Examples of pulsating stars in eclipsing binary systems. In these cases, the variability due to the pulsations dominates the variability due to the eclipses, hence determines the class assignments. The light curves are classified by the MSBN classifier (from top to bottom) as belonging to the BE, DSCUT, SPB, and DSCUT categories, respectively. The original N2 level light curve is shown, together with a phase plot after detrending, made with the dominant detected frequency (given below the plot). Part of the light curves of the first three objects have been measured in oversampling mode (32 s integrations). Measurements are not averaged out during oversampling, hence the higher scatter visible in those parts of the light curves.

Open with DEXTER

We list the classification results for all objects, also for non-variable objects. Of course, if an object does not show any variability, the classification results should be disregarded (since we did not include a class of ``constant'' stars). The reason we prefer to also list the results for non-variables is twofold: first, we have to calculate all the light curve parameters anyway, because the current classifiers require a fixed number of attributes. Second, simulations have shown that noisy light curves of eclipsing binaries can still be classified correctly, even though the most common variability tests would tend to disregard the light curve as non-variable. Some of the light curve parameters typical of eclipsing binaries are less sensitive to the noise level, and they allow for a correct identification even at low S/N. In general, of course, the classification results for light curves of non-variables are not to be trusted.

Some variables actually belong to two (or even more) variability classes.

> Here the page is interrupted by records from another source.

lemma
  shows integrable_exp_sample_mult: "integrable M (\<lambda>\<omega>. exp_sample a \<omega> * exp_sample b \<omega>)"
    and expectation_exp_sample_mult: "expectation (\<lambda>\<omega>. exp_sample a \<omega> * exp_sample b \<omega>) = exp (4 * sample_corr a b)"
proof -
  define h where "h = (\<lambda>z. (1 / sample_sd a) * sample_integrand a z + (1 / sample_sd b) * sample_integrand b z)"
  have wh: "wn_integrand h" unfolding h_def by (intro wn_integrand_lincomb wn_integrand_sample_integrand)
  have "(\<integral>z. (h z)\<^sup>2 \<partial>lborel) = (1 / sample_sd a)\<^sup>2 * sample_var a
      + 2 * (1 / sample_sd a) * (1 / sample_sd b) * (\<integral>z. sample_integrand a z * sample_integrand b z \<partial>lborel)
      + (1 / sample_sd b)\<^sup>2 * sample_var b"
    unfolding h_def integral_sample_integrand_square[symmetric] sample_integrand_def
    by (intro integral_lincomb_square integrable_heat_integrand_square integrable_heat_integrand_mult sample_time_nonneg)
  also have "\<dots> = 2 + 2 * sample_corr a b"
    using sample_sd_square[of a] sample_sd_square[of b] sample_var_pos[of a] sample_var_pos[of b]
      sample_sd_pos[of a] sample_sd_pos[of b]
    by (simp add: sample_corr_def power_divide field_simps)
  finally have var: "(\<integral>z. (h z)\<^sup>2 \<partial>lborel) = 2 + 2 * sample_corr a b" .
  then have var_pos: "(\<integral>z. (h z)\<^sup>2 \<partial>lborel) > 0" using sample_corr_nonneg[of a b] by simp
  have ae: "AE \<omega> in M. exp_sample a \<omega> * exp_sample b \<omega> = exp (2 * W h \<omega> + (-4))"
    using AE_exp_sample_mult_eq[of a b] unfolding h_def by simp
  have [measurable]: "W h \<in> borel_measurable M" by (rule measurable_W[OF wh])
  show "integrable M (\<lambda>\<omega>. exp_sample a \<omega> * exp_sample b \<omega>)"
    using integrable_exp_W[OF wh var_pos, of 2 "-4"] by (subst integrable_cong_AE[OF _ _ ae]) auto
  have "expectation (\<lambda>\<omega>. exp_sample a \<omega> * exp_sample b \<omega>) = expectation (\<lambda>\<omega>. exp (2 * W h \<omega> + (-4)))"
    by (rule integral_cong_AE) (use ae in auto)
  also have "\<dots> = exp (4 * sample_corr a b)"
    using expectation_exp_W[OF wh var_pos, of 2 "-4"] unfolding var by (simp add: algebra_simps)
  finally show "expectation (\<lambda>\<omega>. exp_sample a \<omega> * exp_sample b \<omega>) = exp (4 * sample_corr a b)" .
qed

lemma
  shows integrable_exp_sample: "integrable M (exp_sample a)"
    and expectation_exp_sample: "expectation (exp_sample a) = 1"
proof -
  define h where "h = (\<lambda>z. (1 / sample_sd a) * sample_integrand a z + 0 * sample_integrand a z)"
  have wh: "wn_integrand h" unfolding h_def by (intro wn_integrand_lincomb wn_integrand_sample_integrand)
  have var: "(\<integral>z. (h z)\<^sup>2 \<partial>lborel) = 1"
    using integral_sample_integrand_square[of a] sample_sd_square[of a] sample_var_pos[of a]
    by (simp add: h_def power_mult_distrib power_divide)
  then have var_pos: "(\<integral>z. (h z)\<^sup>2 \<partial>lborel) > 0" by simp
  have ae: "AE \<omega> in M. exp_sample a \<omega> = exp (2 * W h \<omega> + (-2))"
    using AE_g_lincomb[OF sample_time_nonneg sample_time_nonneg, of "1 / sample_sd a" a 0 0 a 0]
    by eventually_elim (simp add: exp_sample_def h_def sample_integrand_def)
  have [measurable]: "W h \<in> borel_measurable M" by (rule measurable_W[OF wh])
  show "integrable M (exp_sample a)"
    using integrable_exp_W[OF wh var_pos, of 2 "-2"] by (subst integrable_cong_AE[OF _ _ ae]) auto
  have "expectation (exp_sample a) = expectation (\<lambda>\<omega>. exp (2 * W h \<omega> + (-2)))"
    by (rule integral_cong_AE) (use ae in auto)
  also have "\<dots> = 1"
    using expectation_exp_W[OF wh var_pos, of 2 "-2"] unfolding var by simp
  finally show "expectation (exp_sample a) = 1" .
qed

lemma
  shows integrable_exp_sample_centred_mult:
      "integrable M (\<lambda>\<omega>. (exp_sample a \<omega> - 1) * (exp_sample b \<omega> - 1))"
    and expectation_exp_sample_centred_mult:
      "expectation (\<lambda>\<omega>. (exp_sample a \<omega> - 1) * (exp_sample b \<omega> - 1)) = exp (4 * sample_corr a b) - 1"
proof -
  have expand: "(\<lambda>\<omega>. (exp_sample a \<omega> - 1) * (exp_sample b \<omega> - 1))
      = (\<lambda>\<omega>. exp_sample a \<omega> * exp_sample b \<omega> - exp_sample a \<omega> - exp_sample b \<omega> + 1)"
    by (rule ext) (simp add: algebra_simps)
  show "integrable M (\<lambda>\<omega>. (exp_sample a \<omega> - 1) * (exp_sample b \<omega> - 1))"
    unfolding expand using integrable_exp_sample_mult integrable_exp_sample by auto
  show "expectation (\<lambda>\<omega>. (exp_sample a \<omega> - 1) * (exp_sample b \<omega> - 1)) = exp (4 * sample_corr a b) - 1"
    unfolding expand
    using integrable_exp_sample_mult expectation_exp_sample_mult integrable_exp_sample expectation_exp_sample
    by (simp add: prob_space)
qed

lemma expectation_exp_sample_separated_le:
  assumes D: "D \<ge> 3" and "i \<noteq> l"
  shows "expectation (\<lambda>\<omega>. (exp_sample (K + i * D) \<omega> - 1) * (exp_sample (K + l * D) \<omega> - 1)) \<le> 8 / 2 ^ D"
proof -
  have "(2::real) ^ 3 \<le> 2 ^ D" using D by (intro power_increasing) auto
  then have small: "4 / 2 ^ D \<le> (1/2::real)" by (simp add: divide_simps)
  have "exp (4 * sample_corr (K + i * D) (K + l * D)) \<le> exp (4 / 2 ^ D)"
    using sample_corr_separated_le[of D i l K] assms by simp
  also have "\<dots> \<le> 1 + 8 / 2 ^ D"
    using exp_bound_lemma[of "4 / 2 ^ D :: real"] small by simp
  finally show ?thesis by (simp add: expectation_exp_sample_centred_mult)
qed

lemma
  assumes D: "D \<ge> 3"
  shows integrable_sum_exp_sample_square:
      "integrable M (\<lambda>\<omega>. (\<Sum>i<N. exp_sample (K + i * D) \<omega> - 1)\<^sup>2)"
    and expectation_sum_exp_sample_square_le:
      "expectation (\<lambda>\<omega>. (\<Sum>i<N. exp_sample (K + i * D) \<omega> - 1)\<^sup>2) \<le> real N * exp 4 + (real N)\<^sup>2 * (8 / 2 ^ D)"
proof -
  define Z where "Z i \<omega> = exp_sample (K + i * D) \<omega> - 1" for i \<omega>
  have square: "(\<lambda>\<omega>. (\<Sum>i<N. exp_sample (K + i * D) \<omega> - 1)\<^sup>2) = (\<lambda>\<omega>. \<Sum>i<N. \<Sum>l<N. Z i \<omega> * Z l \<omega>)"
    by (simp add: Z_def power2_eq_square sum_product)
  have int: "integrable M (\<lambda>\<omega>. Z i \<omega> * Z l \<omega>)" for i l
    unfolding Z_def by (rule integrable_exp_sample_centred_mult)
  have term_le: "expectation (\<lambda>\<omega>. Z i \<omega> * Z l \<omega>) \<le> (if i = l then exp 4 else 0) + 8 / 2 ^ D" for i l
  proof (cases "i = l")
    case True
    then show ?thesis
      by (simp add: Z_def expectation_exp_sample_centred_mult sample_corr_diag add_increasing2)
  qed (use expectation_exp_sample_separated_le[OF D] in \<open>simp add: Z_def\<close>)
  show "integrable M (\<lambda>\<omega>. (\<Sum>i<N. exp_sample (K + i * D) \<omega> - 1)\<^sup>2)"
    unfolding square using int by auto
  have "expectation (\<lambda>\<omega>. (\<Sum>i<N. exp_sample (K + i * D) \<omega> - 1)\<^sup>2)
      = (\<Sum>i<N. \<Sum>l<N. expectation (\<lambda>\<omega>. Z i \<omega> * Z l \<omega>))"
    unfolding square using int by (simp add: Bochner_Integration.integral_sum Bochner_Integration.integrable_sum)
  also have "\<dots> \<le> (\<Sum>i<N. \<Sum>l<N. (if i = l then exp 4 else 0) + 8 / 2 ^ D)"
    by (intro sum_mono term_le)
  also have "\<dots> = real N * exp 4 + (real N)\<^sup>2 * (8 / 2 ^ D)"
    by (simp add: sum.distrib power2_eq_square algebra_simps)
  finally show "expectation (\<lambda>\<omega>. (\<Sum>i<N. exp_sample (K + i * D) \<omega> - 1)\<^sup>2) \<le> real N * exp 4 + (real N)\<^sup>2 * (8 / 2 ^ D)" .
qed

lemma exp_minus_one_le_half: "exp (-1::real) \<le> 1/2"
proof -
  have "2 \<le> exp (1::real)" using exp_ge_add_one_self[of 1] by simp
  then show ?thesis by (simp add: exp_minus divide_simps)
qed

text \<open>
  On this event each of the 2^D centred variables exp_sample (K + i * D) - 1 is at most -1/2, so the
  square of their sum is at least 4^D / 4, while its expectation is only O(2^D).
\<close>

lemma prob_sample_small_from_le:
  assumes D: "D \<ge> 3"
  shows "prob {\<omega> \<in> space M. \<forall>n\<ge>K. g (sample_time n) 0 \<omega> \<le> sample_sd n / 2} \<le> 4 * (exp 4 + 8) / 2 ^ D"
proof -
  define N :: nat where "N = 2 ^ D"
  have N_pos: "real N > 0" by (simp add: N_def)
  define S where "S \<omega> = (\<Sum>i<N. exp_sample (K + i * D) \<omega> - 1)" for \<omega>
  have [measurable]: "S \<in> borel_measurable M" unfolding S_def by measurable
  have "{\<omega> \<in> space M. \<forall>n\<ge>K. g (sample_time n) 0 \<omega> \<le> sample_sd n / 2} \<subseteq> {\<omega> \<in> space M. (real N)\<^sup>2 / 4 \<le> (S \<omega>)\<^sup>2}"
  proof safe
    fix \<omega> assume small: "\<forall>n\<ge>K. g (sample_time n) 0 \<omega> \<le> sample_sd n / 2"
    have "exp_sample (K + i * D) \<omega> - 1 \<le> - 1/2" for i
    proof -
      have "g (sample_time (K + i * D)) 0 \<omega> / sample_sd (K + i * D) \<le> 1/2"
        using small sample_sd_pos[of "K + i * D"] by (simp add: divide_simps)
      then have "2 * (g (sample_time (K + i * D)) 0 \<omega> / sample_sd (K + i * D)) - 2 \<le> -1" by linarith
      then have "exp_sample (K + i * D) \<omega> \<le> exp (-1)" unfolding exp_sample_def by simp
      then show ?thesis using exp_minus_one_le_half by simp
    qed
    then have "S \<omega> \<le> - real N / 2"
      using sum_mono[of "{..<N}" "\<lambda>i. exp_sample (K + i * D) \<omega> - 1" "\<lambda>_. - 1/2"] by (simp add: S_def)
    then have "(real N / 2)\<^sup>2 \<le> (S \<omega>)\<^sup>2"
      using N_pos by (intro power_mono[of "real N / 2" "- S \<omega>" 2, simplified]) auto
    then show "(real N)\<^sup>2 / 4 \<le> (S \<omega>)\<^sup>2" by (simp add: power_divide)
  qed
  then have "prob {\<omega> \<in> space M. \<forall>n\<ge>K. g (sample_time n) 0 \<omega> \<le> sample_sd n / 2}
      \<le> prob {\<omega> \<in> space M. (real N)\<^sup>2 / 4 \<le> (S \<omega>)\<^sup>2}"
    by (intro finite_measure_mono) measurable
  also have "\<dots> \<le> expectation (\<lambda>\<omega>. (S \<omega>)\<^sup>2) / ((real N)\<^sup>2 / 4)"
    using N_pos integrable_sum_exp_sample_square[OF D]
    by (intro integral_Markov_inequality_measure[where A="space M"]) (auto simp: S_def)
  also have "\<dots> \<le> (real N * exp 4 + (real N)\<^sup>2 * (8 / 2 ^ D)) / ((real N)\<^sup>2 / 4)"
    using N_pos expectation_sum_exp_sample_square_le[OF D] by (intro divide_right_mono) (auto simp: S_def)
  also have "\<dots> = 4 * (exp 4 + 8) / 2 ^ D"
    using N_pos by (simp add: N_def field_simps power2_eq_square)
  finally show ?thesis .
qed

lemma prob_sample_small_from_eq_0:
  "prob {\<omega> \<in> space M. \<forall>n\<ge>K. g (sample_time n) 0 \<omega> \<le> sample_sd n / 2} = 0"
proof (rule ccontr)
  define p where "p = prob {\<omega> \<in> space M. \<forall>n\<ge>K. g (sample_time n) 0 \<omega> \<le> sample_sd n / 2}"
  assume "p \<noteq> 0"
  then have p: "p > 0" unfolding p_def using measure_nonneg[of M] by (simp add: order_less_le)
  obtain n where n: "4 * (exp 4 + 8) / p < (2::real) ^ n" using real_arch_pow[of 2] by auto
  have "(2::real) ^ n \<le> 2 ^ max n 3" by (intro power_increasing) auto
  with n have "4 * (exp 4 + 8) / p < 2 ^ max n 3" by (rule less_le_trans)
  with p have "4 * (exp 4 + 8) / 2 ^ max n 3 < p" by (simp add: divide_simps mult.commute)
  moreover have "p \<le> 4 * (exp 4 + 8) / 2 ^ max n 3" unfolding p_def by (rule prob_sample_small_from_le) simp
  ultimately show False by simp
qed

lemma AE_frequently_sample_large:
  "AE \<omega> in M. \<exists>\<^sub>F n in sequentially. sample_sd n / 2 < g (sample_time n) 0 \<omega>"
proof -
  have "AE \<omega> in M. \<forall>K. \<omega> \<notin> {\<omega> \<in> space M. \<forall>n\<ge>K. g (sample_time n) 0 \<omega> \<le> sample_sd n / 2}"
  proof (subst AE_all_countable, intro allI AE_not_in null_setsI)
    show "emeasure M {\<omega> \<in> space M. \<forall>n\<ge>K. g (sample_time n) 0 \<omega> \<le> sample_sd n / 2} = 0" for K
      using prob_sample_small_from_eq_0[of K] by (simp add: emeasure_eq_measure)
  qed (use sample_time_nonneg in measurable)
  then show ?thesis
    using AE_space by eventually_elim (auto simp: frequently_sequentially not_le)
qed

end

section \<open>Chaining on the unit square\<close>

text \<open>
  A step of level L has variance at most 16 scale n / 4^L, and the thresholds (3/4)^L decay more
  slowly than its standard deviation: the Gaussian tail exp (-(n + 16) (9/4)^L) beats the 256^L
  pairs of grid points of that level, while the thresholds still sum to at most 3 chain_const n.
\<close>

definition chain_const :: "nat \<Rightarrow> real" where "chain_const n = sqrt (32 * scale n * (real n + 16))"
definition level_threshold :: "nat \<Rightarrow> nat \<Rightarrow> real" where "level_threshold n L = chain_const n * (3/4) ^ L"
definition grid_time :: "nat \<Rightarrow> nat \<Rightarrow> nat \<Rightarrow> real" where "grid_time n L i = sample_time n + real i / 16 ^ L"
definition grid_space :: "nat \<Rightarrow> nat \<Rightarrow> real" where "grid_space L j = real j / 16 ^ L"

lemma grid_time_nonneg: "grid_time n L i \<ge> 0"
  using sample_time_nonneg[of n] by (simp add: grid_time_def)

Take for example a pulsating star in an eclipsing binary system: the system as a whole belongs to the eclipsing binary category, while the pulsating component might be, e.g., an SPB or a DSCUT type. How are these kinds of light curves classified? Currently, we do not have separate classes for these ``mixed'' objects. It would be difficult to define such classes, since several combinations of pulsating stars in binary systems are possible. We also do not have enough example light curves available yet to be able to define such new classes. With the current version of the classifiers, these objects will be classified as a pulsating star or an eclipsing binary, depending on the relative strength of both phenomena in the light curve. To illustrate this, Fig. 3 shows good examples of pulsating stars in binary systems. Here, the pulsations dominate the eclipses, in the sense that the highest peaks in the frequency spectrum are related to the pulsations and not to the binary orbit (remember, we only use the 3 most dominant frequencies in the spectrum). These objects are therefore not classified as eclipsing binaries, but as belonging to one of the pulsating star categories. The reverse situation, in which the highest peaks in the spectrum relate to the binary orbit, is also possible. In this case, the ``mixed'' object will be classified as an eclipsing binary. In some situations, the dominant frequency might be a pulsation frequency, while the second frequency is related to the orbit. If this orbital frequency happens to be within the range of typical pulsation frequencies of the type of pulsator in the binary system, the object can be classified as the pulsator type. If, on the other hand, the orbital frequency is far outside this range, the object will probably not be classified as pulsator type. It will also not be classified as an eclipsing binary, since most of the typical characteristics of ``pure'' eclipsing binaries in the training set relate to the first frequency and its harmonics. Hence, in this situation, the outcome of the classification is unpredictable. We cannot avoid this with the current versions of the classifiers, but research continues to detect such special cases more robustly.

7 Classification results

We present the classification results for the first four measured exoplanet fields. Since there are so many lightcurves (39 659), we obviously cannot give a detailed description for each object separately. We present an overview of the results per run in terms of numbers of detected variables and the fractions of objects assigned to every class. Light curves and phase plots of some of the best candidates are shown.

7.1 Number of variables

Since the CoRoT data are unprecedented in terms of photometric precision and time sampling, it is interesting to see how many stars appear to be variable through the eyes of CoRoT. We do point out that the sample of stars is not random. Indeed, as the main goal was to search for planets, supergiants and giants were avoided as much as possible in the target selection; i.e., the sample is heavily biased towards main-sequence stars.

We used the three frequencies and their corresponding significance parameters, resulting from the light curve analysis, to obtain estimates of the number of variables. These estimates have to be treated with caution, since, at this stage, almost all of the light curves show variability due to instrumental effects. Fortunately, most of this instrumental variability is systematic and the corresponding spectral signatures are confined to certain frequency regions in the amplitude spectrum. We were thus able to distinguish reasonably well between real (intrinsic to the observed object) and instrumental variability by avoiding spectral peaks situated in the contaminated regions. As a drawback, spectral peaks in these regions related to real variability were missed. This means that we underestimated the real number of variable light curves.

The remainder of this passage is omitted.